Among them, Figure 4 shows the analytical results of XRD physical phase analysis, and Figure 5 shows the microelectron microscopy diagrams of Part 1 to Part 3. According to the results of SEM micro-detection as well as XRD physical phase analysis, the main substances and micro-distribution status of Part 1~Part 3 were statistically analyzed, and the statistical results are shown in

Table 1. Major substances and microscopic distribution in different parts of red sandstone.

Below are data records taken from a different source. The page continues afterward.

(* Let $G$ be a hyperbolic group acting by cubical automorphisms on a CAT$(0)$ cube complex $X$, and let $X^b$ be the cubical subdivision of $X$ (with the induced $G$--action). Then the stabilizers of hyperplanes for the $G$--action on $X$ are all quasi-convex in $G$ if and only if the stabilizers of hyperplanes for the $G$--action on $X^b$ are all quasi-convex in $G$.
   Context: The cubical subdivision $X^b$ of a cube complex $X$ is obtained by replacing each $n$--cube of $X$ by $2^n$ $n$--cubes, subdividing each coordinate interval into two equal halves, glued in the way induced from $X$. *)

theory Defs
  imports Complex_Main "HOL-Algebra.Group_Action" "HOL-Algebra.Generated_Groups"
begin

definition walk :: "('v \<Rightarrow> 'v \<Rightarrow> bool) \<Rightarrow> 'v list \<Rightarrow> bool" where
  "walk E ps \<longleftrightarrow> ps \<noteq> [] \<and> (\<forall>i < length ps - 1. E (ps ! i) (ps ! Suc i))"

definition gdist :: "('v \<Rightarrow> 'v \<Rightarrow> bool) \<Rightarrow> 'v \<Rightarrow> 'v \<Rightarrow> nat" where
  "gdist E u v = (LEAST n. \<exists>ps. walk E ps \<and> hd ps = u \<and> last ps = v \<and> length ps = Suc n)"

text \<open>A median graph: simple connected graph on V in which every triple has a unique median.
  These are exactly the 1-skeleta of CAT(0) cube complexes (Chepoi, Roller).\<close>
definition median_graph :: "'v set \<Rightarrow> ('v \<Rightarrow> 'v \<Rightarrow> bool) \<Rightarrow> bool" where
  "median_graph V E \<longleftrightarrow>
     (\<forall>u v. E u v \<longrightarrow> u \<in> V \<and> v \<in> V \<and> E v u \<and> u \<noteq> v) \<and>
     (\<forall>u\<in>V. \<forall>v\<in>V. \<exists>ps. walk E ps \<and> hd ps = u \<and> last ps = v) \<and>
     (\<forall>x\<in>V. \<forall>y\<in>V. \<forall>z\<in>V. \<exists>!m. m \<in> V \<and>
        gdist E x m + gdist E m y = gdist E x y \<and>
        gdist E y m + gdist E m z = gdist E y z \<and>
        gdist E x m + gdist E m z = gdist E x z)"

text \<open>A cube of dimension k: a vertex set C parametrised by the vertices of [0,1]^k
  (subsets of {..<k}) such that adjacency corresponds to differing in one coordinate.\<close>
definition cube_param :: "'v set \<Rightarrow> ('v \<Rightarrow> 'v \<Rightarrow> bool) \<Rightarrow> nat \<Rightarrow> (nat set \<Rightarrow> 'v) \<Rightarrow> 'v set \<Rightarrow> bool" where
  "cube_param V E k f C \<longleftrightarrow> C \<subseteq> V \<and> bij_betw f {x. x \<subseteq> {..<k}} C \<and>
     (\<forall>x y. x \<subseteq> {..<k} \<longrightarrow> y \<subseteq> {..<k} \<longrightarrow> (E (f x) (f y) \<longleftrightarrow> card ((x - y) \<union> (y - x)) = 1))"

definition is_cube :: "'v set \<Rightarrow> ('v \<Rightarrow> 'v \<Rightarrow> bool) \<Rightarrow> 'v set \<Rightarrow> bool" where
  "is_cube V E C \<longleftrightarrow> (\<exists>k f. cube_param V E k f C)"

definition is_facet :: "'v set \<Rightarrow> ('v \<Rightarrow> 'v \<Rightarrow> bool) \<Rightarrow> 'v set \<Rightarrow> 'v set \<Rightarrow> bool" where
  "is_facet V E D C \<longleftrightarrow> (\<exists>k f i b. cube_param V E k f C \<and> i < k \<and>
       D = f ` {x. x \<subseteq> {..<k} \<and> (i \<in> x \<longleftrightarrow> b)})"

text \<open>1-skeleton of the cubical subdivision X^b: vertices are the cubes of X (their barycentres),
  two being adjacent iff one is a codimension-1 face of the other.\<close>
definition subdiv_verts :: "'v set \<Rightarrow> ('v \<Rightarrow> 'v \<Rightarrow> bool) \<Rightarrow> 'v set set" where
  "subdiv_verts V E = {C. is_cube V E C}"

definition subdiv_adj :: "'v set \<Rightarrow> ('v \<Rightarrow> 'v \<Rightarrow> bool) \<Rightarrow> 'v set \<Rightarrow> 'v set \<Rightarrow> bool" where
  "subdiv_adj V E C D \<longleftrightarrow> is_facet V E D C \<or> is_facet V E C D"

definition edges :: "('v \<Rightarrow> 'v \<Rightarrow> bool) \<Rightarrow> 'v set set" where
  "edges E = {{u, v} | u v. E u v}"

definition square_opp :: "('v \<Rightarrow> 'v \<Rightarrow> bool) \<Rightarrow> 'v set \<Rightarrow> 'v set \<Rightarrow> bool" where
  "square_opp E e e' \<longleftrightarrow> (\<exists>a b c d. E a b \<and> E b c \<and> E c d \<and> E d a \<and> distinct [a, b, c, d] \<and>
       e = {a, b} \<and> e' = {d, c})"

text \<open>Hyperplanes, represented by the set of edges they cross (parallelism classes).\<close>
definition hyperplanes :: "('v \<Rightarrow> 'v \<Rightarrow> bool) \<Rightarrow> 'v set set set" where
  "hyperplanes E = (\<lambda>e. {e'. (e, e') \<in> {(x, y). square_opp E x y}\<^sup>*}) ` edges E"

definition hyp_stab :: "('g, 'b) monoid_scheme \<Rightarrow> ('g \<Rightarrow> 'v \<Rightarrow> 'v) \<Rightarrow> 'v set set \<Rightarrow> 'g set" where
  "hyp_stab G \<psi> H = {g \<in> carrier G. (\<lambda>e. \<psi> g ` e) ` H = H}"

text \<open>Action by cubical automorphisms (= automorphisms of the 1-skeleton).\<close>
definition cubical_action :: "('g, 'b) monoid_scheme \<Rightarrow> 'v set \<Rightarrow> ('v \<Rightarrow> 'v \<Rightarrow> bool) \<Rightarrow> ('g \<Rightarrow> 'v \<Rightarrow> 'v) \<Rightarrow> bool" where
  "cubical_action G V E \<phi> \<longleftrightarrow> group_action G V \<phi> \<and>
     (\<forall>g \<in> carrier G. \<forall>u v. E u v \<longrightarrow> E (\<phi> g u) (\<phi> g v))"

definition word_len :: "('g, 'b) monoid_scheme \<Rightarrow> 'g set \<Rightarrow> 'g \<Rightarrow> nat" where
  "word_len G S g = (LEAST n. \<exists>ws. length ws = n \<and> set ws \<subseteq> S \<union> (m_inv G) ` S \<and>
       g = foldr (\<lambda>a b. a \<otimes>\<^bsub>G\<^esub> b) ws \<one>\<^bsub>G\<^esub>)"

definition wdist :: "('g, 'b) monoid_scheme \<Rightarrow> 'g set \<Rightarrow> 'g \<Rightarrow> 'g \<Rightarrow> nat" where
  "wdist G S g h = word_len G S (m_inv G g \<otimes>\<^bsub>G\<^esub> h)"

definition fin_gen_set :: "('g, 'b) monoid_scheme \<Rightarrow> 'g set \<Rightarrow> bool" where
  "fin_gen_set G S \<longleftrightarrow> finite S \<and> S \<subseteq> carrier G \<and> generate G S = carrier G"

definition gromov_prod :: "('g, 'b) monoid_scheme \<Rightarrow> 'g set \<Rightarrow> 'g \<Rightarrow> 'g \<Rightarrow> 'g \<Rightarrow> real" where
  "gromov_prod G S x y w = (real (wdist G S w x) + real (wdist G S w y) - real (wdist G S x y)) / 2"

text \<open>Gromov hyperbolicity of the Cayley graph, via the four-point condition on vertices.\<close>
definition hyperbolic_wrt :: "('g, 'b) monoid_scheme \<Rightarrow> 'g set \<Rightarrow> bool" where
  "hyperbolic_wrt G S \<longleftrightarrow> (\<exists>\<delta>::real. \<forall>x\<in>carrier G. \<forall>y\<in>carrier G. \<forall>z\<in>carrier G. \<forall>w\<in>carrier G.
      gromov_prod G S x y w \<ge> min (gromov_prod G S x z w) (gromov_prod G S y z w) - \<delta>)"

	Main Substances	Microscopic Distribution
Part 1	Chlorite, dolomite, quartz, calcite, feldspar and mica	Dissolved flocculent, fissure, disorderly pore distribution
Part 2	Dolomite, quartz, calcite, feldspar and mica	Broken and messy, with microscopic cracks
Part 3	Quartz, calcite, feldspar and mica	Well-angled micro-grain structure, no significant defects

.

It was determined that Part 1 is the exposed region in S specimen; its microstructure has a dissolved flocculent distribution, and the cracks and pores are distributed in a messy way. The substances contained in Part 3 have more chlorite and dolomite compared to Part 2, as shown in Figure 4a and Figure 5a. Part 2 is the gray-white region in the S specimen; its microstructure is slightly broken and messy compared to Part 3, and relatively complete compared to Part 1. In the ×1000-fold structure, the basal grain structure is found to be slightly corroded and degraded, and it contains more dolomite compared to Part 3, as shown in Figure 4b and Figure 5b. Part 3 is the reddish sandstone red region in the S specimen, which is located in a deeper area, furthest away from the surface, and it is the part with the smallest degradation degree. The particulate structure in this area is angular, without significant cracks, fissures and other defects, and the materials contained are mostly quartz, calcite, feldspar and mica, as shown in Figure 4c and Figure 5c.

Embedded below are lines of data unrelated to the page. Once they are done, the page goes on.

(* Consider the single-input control-affine system $\dot{x} = f(x) + g(x)u$ and a Lipschitz continuous exponential CBF $h$ with relative degree $r<n$ and rates $\gamma_1,\dots,\gamma_r>0$, $\gamma_{\min}=\min_i\gamma_i$, written in cascading constraint coordinates as $\dot{\varphi} = A_\gamma \varphi + B\mu$, $\dot{\eta} = q_{\mathrm{cbf}}(\eta,\varphi)$, where $l_\varphi$ denotes the Lipschitz constant of $q_{\mathrm{cbf}}$ with respect to $\varphi$. Let $x_0\in S_\varphi$. Suppose the positive-feedback-stabilizable global exponential minimum phase condition holds: there is a Lipschitz feedback $\kappa_{\mathrm{ps}}:\mathbb{R}^{n-r}\to\mathbb{R}_{\ge0}$ such that $\dot\eta=q_{\mathrm{cbf}}(\eta,\Gamma\kappa_{\mathrm{ps}}(\eta))$ has a globally exponentially stable equilibrium $\eta_e$. Let $V$ be a (converse) Lyapunov function with constants $\alpha_1,\alpha_2,\alpha_3,\alpha_4>0$ such that $\alpha_1|\eta-\eta_e|^2\le V(\eta)\le\alpha_2|\eta-\eta_e|^2$, $|\partial V/\partial\eta|\le\alpha_3|\eta-\eta_e|$, and $\frac{\partial V}{\partial\eta}\cdot q_{\mathrm{cbf}}(\eta,\Gamma\kappa_{\mathrm{ps}}(\eta))\le-\alpha_4|\eta-\eta_e|^2$. If $\alpha_4>\left(\frac{\alpha_3 l_\varphi}{2}\right)^2$ and $\gamma_{\min}$ is large enough, then the system under the barrier constraint can stay bounded; in particular, setting $\mu(t)=\kappa_{\mathrm{ps}}(\eta(t))$ (which satisfies $\mu\ge0$), the trajectory satisfies $(\varphi(t),\eta(t))\to(\Gamma\kappa_{\mathrm{ps}}(\eta_e),\eta_e)$ and thus stays bounded.
   Context: The system $\dot x = f(x)+g(x)u$ has $f,g:\mathbb{R}^n\to\mathbb{R}^n$ Lipschitz and $u\in\mathbb{R}$. $L_f$, $L_g$ denote Lie derivatives. $h$ has relative degree $r$ at $x$ if $L_gL_f^k h\equiv 0$ near $x$ for $k=0,\dots,r-2$ and $L_gL_f^{r-1}h(x)\neq 0$. An exponential CBF with relative degree $r$ is $h:\mathbb{R}^n\to\mathbb{R}$ with relative degree $r$ on $\mathcal{C}=\{h\ge 0\}$, $\partial h/\partial x\neq0$ on $\{h=0\}$, and $\sup_{u}[L_f^r h(x)+L_gL_f^{r-1}h(x)u+k^\top\xi(x)]\ge 0$ on $\mathcal{C}$, where $\xi=[h,L_fh,\dots,L_f^{r-1}h]^\top$ and $s^r+k_rs^{r-1}+\dots+k_1=(s+\gamma_1)\cdots(s+\gamma_r)$, $\gamma_i>0$. Virtual control input: $\mu(x,u)=L_f^rh+L_gL_f^{r-1}h\,u+k^\top\xi$; barrier constraint: $\mu\ge0$. Cascading constraint vector: $\varphi_1=h$, $\varphi_{i+1}=\dot\varphi_i+\gamma_i\varphi_i$; $S_\varphi=\{x:\varphi(x)\in\mathbb{R}^r_{\ge0}\}$. $A_\gamma$ is the $r\times r$ upper bidiagonal matrix with diagonal $-\gamma_1,\dots,-\gamma_r$ and superdiagonal entries $1$; $B=[0,\dots,0,1]^\top$; $\Gamma=-A_\gamma^{-1}B=[(\gamma_1\cdots\gamma_r)^{-1},(\gamma_2\cdots\gamma_r)^{-1},\dots,\gamma_r^{-1}]^\top$. The internal state $\eta\in\mathbb{R}^{n-r}$ is chosen so that $x\mapsto(\varphi,\eta)$ is a diffeomorphism and $L_g\eta_j\equiv 0$; then $\dot\varphi=A_\gamma\varphi+B\mu$, $\dot\eta=q_{\mathrm{cbf}}(\eta,\varphi)$ with $q_{\mathrm{cbf}}$ Lipschitz in $\eta$ and $\varphi$. Any signal $\mu(t)$ can be realized by a choice of $u$. *)

theory Defs
  imports "HOL-Analysis.Analysis"
begin

text \<open>Vectors in R^r are represented as functions nat => real, of which only the
  components 0..r-1 (0-based) are meaningful. The 1-based index i of the paper
  corresponds to index i-1 here.\<close>

definition vnorm :: "nat \<Rightarrow> (nat \<Rightarrow> real) \<Rightarrow> real" where
  "vnorm r v = sqrt (\<Sum>i<r. (v i)^2)"

text \<open>Gamma = - A_gamma^{-1} B, i.e. Gamma_i = 1/(gamma_i * ... * gamma_r) (1-based).\<close>
definition Gam :: "(nat \<Rightarrow> real) \<Rightarrow> nat \<Rightarrow> nat \<Rightarrow> real" where
  "Gam \<gamma> r i = 1 / (\<Prod>j\<in>{i..<r}. \<gamma> j)"

text \<open>i-th component (0-based, i < r) of A_gamma phi + B mu, where A_gamma is upper
  bidiagonal with diagonal -gamma_1..-gamma_r and superdiagonal 1, B = e_r.\<close>
definition casc_rhs :: "nat \<Rightarrow> (nat \<Rightarrow> real) \<Rightarrow> (nat \<Rightarrow> real) \<Rightarrow> real \<Rightarrow> nat \<Rightarrow> real" where
  "casc_rhs r \<gamma> \<phi> \<mu> i = - \<gamma> i * \<phi> i + (if Suc i < r then \<phi> (Suc i) else \<mu>)"

end

theory Submission
  imports Defs "HOL-Real_Asymp.Real_Asymp"
begin

text \<open>In the error coordinates z = phi - Gamma kappa(eta_e) the cascade reads
  z' = A_gamma z + B (kappa(eta) - kappa(eta_e)), and the internal dynamics differ from the
  stabilised ones q(eta, Gamma kappa(eta)) by at most l_phi (|z| + |Gamma| |kappa(eta) - kappa(eta_e)|).
  Along W = V(eta) + |z|^2 the diagonal -gamma_i of A_gamma dominates the superdiagonal
  coupling and, once gamma_min is large, every cross term between eta - eta_e and z, so that
  W' <= -beta W. Exponential decay of W gives convergence to (Gamma kappa(eta_e), eta_e) and a
  uniform bound on the trajectory.\<close>

lemma vnorm_eq_L2_set: "vnorm r v = L2_set v {..<r}"
  by (simp add: vnorm_def L2_set_def)

lemma vnorm_nonneg: "0 \<le> vnorm r v"
  by (simp add: vnorm_eq_L2_set L2_set_nonneg)

lemma vnorm_power2: "(vnorm r v)\<^sup>2 = (\<Sum>i<r. (v i)\<^sup>2)"
  by (simp add: vnorm_def sum_nonneg)

lemma vnorm_triangle: "vnorm r (\<lambda>i. u i + v i) \<le> vnorm r u + vnorm r v"
  unfolding vnorm_eq_L2_set by (rule L2_set_triangle_ineq)

lemma abs_le_vnorm:
  assumes "i < r"
  shows "\<bar>v i\<bar> \<le> vnorm r v"
proof -
  have "\<bar>v i\<bar> \<le> L2_set (\<lambda>j. \<bar>v j\<bar>) {..<r}"
    by (rule member_le_L2_set) (use assms in auto)
  then show ?thesis
    by (simp add: vnorm_eq_L2_set L2_set_def)
qed

lemma Gam_self: "Gam \<gamma> r r = 1"
  by (simp add: Gam_def)

lemma Gam_step:
  assumes "i < r" "\<gamma> i \<noteq> 0"
  shows "\<gamma> i * Gam \<gamma> r i = Gam \<gamma> r (Suc i)"
  unfolding Gam_def prod.atLeast_Suc_lessThan[OF assms(1)] using assms(2) by simp

lemma Gam_bounds:
  assumes "1 \<le> g" "\<And>j. j < r \<Longrightarrow> g \<le> \<gamma> j" "i < r"
  shows "0 < Gam \<gamma> r i" "Gam \<gamma> r i \<le> 1 / g"
proof -
  have "g ^ 1 \<le> g ^ (r - i)"
    by (rule power_increasing) (use assms in auto)
  also have "\<dots> = (\<Prod>j\<in>{i..<r}. g)"
    by simp
  also have "\<dots> \<le> (\<Prod>j\<in>{i..<r}. \<gamma> j)"
    by (rule prod_mono) (use assms in auto)
  finally have "g \<le> (\<Prod>j\<in>{i..<r}. \<gamma> j)"
    by simp
  then show "0 < Gam \<gamma> r i" "Gam \<gamma> r i \<le> 1 / g"
    using assms(1) by (simp_all add: Gam_def frac_le)
qed

lemma vnorm_Gam_le:
  assumes "1 \<le> g" "\<And>i. i < r \<Longrightarrow> g \<le> \<gamma> i"
  shows "vnorm r (\<lambda>i. Gam \<gamma> r i * c) \<le> real r / g * \<bar>c\<bar>"
proof -
  have "vnorm r (\<lambda>i. Gam \<gamma> r i * c) \<le> (\<Sum>i<r. \<bar>Gam \<gamma> r i * c\<bar>)"
    unfolding vnorm_eq_L2_set by (rule L2_set_le_sum_abs)
  also have "\<dots> \<le> (\<Sum>i<r. 1 / g * \<bar>c\<bar>)"
  proof (rule sum_mono)
    fix i
    assume "i \<in> {..<r}"
    then have "0 < Gam \<gamma> r i" "Gam \<gamma> r i \<le> 1 / g"
      using Gam_bounds[of g r \<gamma> i] assms by auto
    then show "\<bar>Gam \<gamma> r i * c\<bar> \<le> 1 / g * \<bar>c\<bar>"
      unfolding abs_mult by (intro mult_right_mono) auto
  qed
  finally show ?thesis
    by simp
qed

From the microstructure of the three, we determined that the structural integrity of Part 1~Part 3 increases in order, and the material of Part 1 and Part 2 changes on the basis of Part 3. Where Part 1 is the exposed surface of the specimen, the original sandy particulate structure has been in external contact with acid rain, carbonation and other environmental and anthropogenic factors, resulting in weathering and corrosion autogenous formation of chlorite material. Chlorite is a silicate mineral, commonly found in iron, that appeared in a magnesium-rich ancient water media environment. A sandstone surface layer of chlorite forms early to fill the sandstone pore space, occupy the structure of the open pore channel, improve the non-homogeneity of the channel, block the internal minerals and the outside-world contact, reduce the cementing effect and reduce the permeability, and thus, to a certain extent, play a role in protecting the internal deep sandstone structure. From the viewpoint of material changes and microscopic fissure development, degradation is accompanied by the development of defects such as cracks, fissures and holes, as well as the transformation and generation of new materials. The deeper red sandstone has less contact with acid rain, sulfide and other erosive materials, its material changes and pores and cracks are less, and the degradation degree is smaller. Therefore, the degree of surface degradation of red sandstone specimens is larger than the degree of internal degradation, and it is related to the depth.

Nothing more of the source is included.